*** Excerpted data Section Begins ***

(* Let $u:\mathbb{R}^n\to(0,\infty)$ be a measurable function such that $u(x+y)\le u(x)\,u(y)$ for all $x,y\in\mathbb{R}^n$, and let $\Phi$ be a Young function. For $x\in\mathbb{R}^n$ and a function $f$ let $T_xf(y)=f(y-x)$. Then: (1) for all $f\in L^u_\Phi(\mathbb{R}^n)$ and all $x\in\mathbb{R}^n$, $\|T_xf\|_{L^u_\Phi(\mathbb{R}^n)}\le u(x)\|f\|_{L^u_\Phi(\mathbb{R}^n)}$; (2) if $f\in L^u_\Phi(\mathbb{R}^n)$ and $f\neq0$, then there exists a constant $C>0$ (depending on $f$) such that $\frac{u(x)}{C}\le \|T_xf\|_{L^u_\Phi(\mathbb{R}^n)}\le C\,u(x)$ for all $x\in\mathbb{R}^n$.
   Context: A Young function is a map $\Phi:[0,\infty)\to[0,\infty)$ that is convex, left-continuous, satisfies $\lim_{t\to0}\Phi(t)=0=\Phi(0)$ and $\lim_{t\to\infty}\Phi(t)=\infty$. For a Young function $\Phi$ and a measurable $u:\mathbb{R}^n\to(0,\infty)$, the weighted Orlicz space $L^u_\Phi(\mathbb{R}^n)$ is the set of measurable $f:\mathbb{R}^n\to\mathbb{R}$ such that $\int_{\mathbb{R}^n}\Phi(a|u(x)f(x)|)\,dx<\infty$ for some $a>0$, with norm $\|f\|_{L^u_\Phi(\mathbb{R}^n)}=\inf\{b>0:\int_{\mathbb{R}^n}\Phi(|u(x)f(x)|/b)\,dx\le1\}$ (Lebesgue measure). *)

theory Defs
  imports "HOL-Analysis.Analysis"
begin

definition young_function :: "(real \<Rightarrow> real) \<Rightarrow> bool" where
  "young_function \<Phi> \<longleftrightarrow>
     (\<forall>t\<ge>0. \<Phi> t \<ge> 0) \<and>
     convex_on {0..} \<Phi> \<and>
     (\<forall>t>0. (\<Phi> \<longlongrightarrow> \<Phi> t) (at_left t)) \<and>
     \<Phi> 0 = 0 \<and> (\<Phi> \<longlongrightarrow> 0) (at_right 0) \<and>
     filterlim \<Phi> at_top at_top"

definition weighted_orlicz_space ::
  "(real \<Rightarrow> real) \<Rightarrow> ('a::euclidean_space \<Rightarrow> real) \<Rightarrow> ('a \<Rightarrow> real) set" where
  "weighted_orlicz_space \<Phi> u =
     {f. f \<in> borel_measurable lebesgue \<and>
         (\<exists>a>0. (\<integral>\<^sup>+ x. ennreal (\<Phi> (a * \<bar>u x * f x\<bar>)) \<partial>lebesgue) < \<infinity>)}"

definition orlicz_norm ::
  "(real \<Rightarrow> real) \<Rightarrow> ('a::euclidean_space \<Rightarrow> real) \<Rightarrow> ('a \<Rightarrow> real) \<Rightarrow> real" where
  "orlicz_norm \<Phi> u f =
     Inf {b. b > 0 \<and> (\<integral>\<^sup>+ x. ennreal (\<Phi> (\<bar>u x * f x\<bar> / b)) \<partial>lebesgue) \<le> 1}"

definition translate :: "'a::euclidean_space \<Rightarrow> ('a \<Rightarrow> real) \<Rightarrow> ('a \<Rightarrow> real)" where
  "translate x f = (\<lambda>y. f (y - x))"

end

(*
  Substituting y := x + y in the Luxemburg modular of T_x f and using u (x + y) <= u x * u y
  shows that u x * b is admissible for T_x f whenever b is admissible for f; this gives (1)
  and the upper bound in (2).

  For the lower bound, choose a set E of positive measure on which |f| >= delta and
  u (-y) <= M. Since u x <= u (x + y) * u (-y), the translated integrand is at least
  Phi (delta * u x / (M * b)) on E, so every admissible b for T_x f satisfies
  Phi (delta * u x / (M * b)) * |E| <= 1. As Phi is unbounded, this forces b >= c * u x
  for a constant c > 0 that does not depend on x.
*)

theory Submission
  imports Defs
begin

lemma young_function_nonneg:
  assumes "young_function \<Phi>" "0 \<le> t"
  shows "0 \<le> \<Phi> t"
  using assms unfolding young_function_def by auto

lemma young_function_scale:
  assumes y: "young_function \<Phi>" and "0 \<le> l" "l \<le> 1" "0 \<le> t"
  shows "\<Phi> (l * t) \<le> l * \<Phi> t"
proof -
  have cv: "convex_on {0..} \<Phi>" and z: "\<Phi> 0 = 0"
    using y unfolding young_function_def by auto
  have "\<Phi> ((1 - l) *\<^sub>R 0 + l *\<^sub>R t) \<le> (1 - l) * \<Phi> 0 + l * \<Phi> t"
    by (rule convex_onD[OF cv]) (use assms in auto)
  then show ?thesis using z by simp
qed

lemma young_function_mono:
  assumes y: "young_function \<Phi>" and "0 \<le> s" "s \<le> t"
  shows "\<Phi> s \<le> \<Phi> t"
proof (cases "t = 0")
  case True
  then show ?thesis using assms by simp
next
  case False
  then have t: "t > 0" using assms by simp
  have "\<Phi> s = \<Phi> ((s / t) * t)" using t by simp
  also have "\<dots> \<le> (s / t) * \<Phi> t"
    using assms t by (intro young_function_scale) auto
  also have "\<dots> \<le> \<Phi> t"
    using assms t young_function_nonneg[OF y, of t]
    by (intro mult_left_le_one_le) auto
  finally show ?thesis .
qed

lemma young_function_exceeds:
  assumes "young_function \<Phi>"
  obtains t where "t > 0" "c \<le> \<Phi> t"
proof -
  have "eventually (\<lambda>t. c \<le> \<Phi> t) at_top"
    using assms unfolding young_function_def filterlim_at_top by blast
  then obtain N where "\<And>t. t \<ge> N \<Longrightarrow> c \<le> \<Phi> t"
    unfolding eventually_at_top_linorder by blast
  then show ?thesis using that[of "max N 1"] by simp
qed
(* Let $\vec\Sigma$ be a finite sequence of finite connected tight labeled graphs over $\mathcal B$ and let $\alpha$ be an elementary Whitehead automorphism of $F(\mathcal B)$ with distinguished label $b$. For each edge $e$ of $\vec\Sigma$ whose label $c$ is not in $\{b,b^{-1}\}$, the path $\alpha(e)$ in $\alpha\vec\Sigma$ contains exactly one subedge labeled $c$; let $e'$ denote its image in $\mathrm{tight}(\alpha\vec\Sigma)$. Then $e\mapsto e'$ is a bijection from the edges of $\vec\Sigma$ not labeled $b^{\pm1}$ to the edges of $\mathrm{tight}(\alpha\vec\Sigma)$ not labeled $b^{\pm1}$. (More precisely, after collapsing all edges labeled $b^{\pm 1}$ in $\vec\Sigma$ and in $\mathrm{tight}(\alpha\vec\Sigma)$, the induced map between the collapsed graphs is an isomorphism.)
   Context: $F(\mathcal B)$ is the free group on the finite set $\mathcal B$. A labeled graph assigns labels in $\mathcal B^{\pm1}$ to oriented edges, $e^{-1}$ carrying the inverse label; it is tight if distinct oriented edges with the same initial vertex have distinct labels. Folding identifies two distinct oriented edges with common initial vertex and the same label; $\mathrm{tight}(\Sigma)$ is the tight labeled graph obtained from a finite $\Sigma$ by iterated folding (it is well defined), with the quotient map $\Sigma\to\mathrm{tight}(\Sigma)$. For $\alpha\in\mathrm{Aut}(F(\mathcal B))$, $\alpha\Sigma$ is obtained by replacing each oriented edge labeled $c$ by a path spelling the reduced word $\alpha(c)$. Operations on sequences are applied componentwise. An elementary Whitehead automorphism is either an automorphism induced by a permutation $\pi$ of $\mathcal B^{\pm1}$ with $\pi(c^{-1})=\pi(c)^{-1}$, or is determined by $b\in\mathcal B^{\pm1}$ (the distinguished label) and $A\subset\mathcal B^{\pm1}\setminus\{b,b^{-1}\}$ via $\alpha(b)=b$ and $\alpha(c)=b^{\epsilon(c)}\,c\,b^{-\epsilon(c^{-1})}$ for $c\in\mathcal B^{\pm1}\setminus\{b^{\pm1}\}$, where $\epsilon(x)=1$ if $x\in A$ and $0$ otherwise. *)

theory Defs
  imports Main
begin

*** Excerpted data Section Ends ***

=== Task goal ===
Lines from the start of the entries through the one containing "(at_right 0) \<and>" are to be set down again exactly, both ends included.

=== Task answer ===
(* Let $u:\mathbb{R}^n\to(0,\infty)$ be a measurable function such that $u(x+y)\le u(x)\,u(y)$ for all $x,y\in\mathbb{R}^n$, and let $\Phi$ be a Young function. For $x\in\mathbb{R}^n$ and a function $f$ let $T_xf(y)=f(y-x)$. Then: (1) for all $f\in L^u_\Phi(\mathbb{R}^n)$ and all $x\in\mathbb{R}^n$, $\|T_xf\|_{L^u_\Phi(\mathbb{R}^n)}\le u(x)\|f\|_{L^u_\Phi(\mathbb{R}^n)}$; (2) if $f\in L^u_\Phi(\mathbb{R}^n)$ and $f\neq0$, then there exists a constant $C>0$ (depending on $f$) such that $\frac{u(x)}{C}\le \|T_xf\|_{L^u_\Phi(\mathbb{R}^n)}\le C\,u(x)$ for all $x\in\mathbb{R}^n$.
   Context: A Young function is a map $\Phi:[0,\infty)\to[0,\infty)$ that is convex, left-continuous, satisfies $\lim_{t\to0}\Phi(t)=0=\Phi(0)$ and $\lim_{t\to\infty}\Phi(t)=\infty$. For a Young function $\Phi$ and a measurable $u:\mathbb{R}^n\to(0,\infty)$, the weighted Orlicz space $L^u_\Phi(\mathbb{R}^n)$ is the set of measurable $f:\mathbb{R}^n\to\mathbb{R}$ such that $\int_{\mathbb{R}^n}\Phi(a|u(x)f(x)|)\,dx<\infty$ for some $a>0$, with norm $\|f\|_{L^u_\Phi(\mathbb{R}^n)}=\inf\{b>0:\int_{\mathbb{R}^n}\Phi(|u(x)f(x)|/b)\,dx\le1\}$ (Lebesgue measure). *)

theory Defs
  imports "HOL-Analysis.Analysis"
begin

definition young_function :: "(real \<Rightarrow> real) \<Rightarrow> bool" where
  "young_function \<Phi> \<longleftrightarrow>
     (\<forall>t\<ge>0. \<Phi> t \<ge> 0) \<and>
     convex_on {0..} \<Phi> \<and>
     (\<forall>t>0. (\<Phi> \<longlongrightarrow> \<Phi> t) (at_left t)) \<and>
     \<Phi> 0 = 0 \<and> (\<Phi> \<longlongrightarrow> 0) (at_right 0) \<and>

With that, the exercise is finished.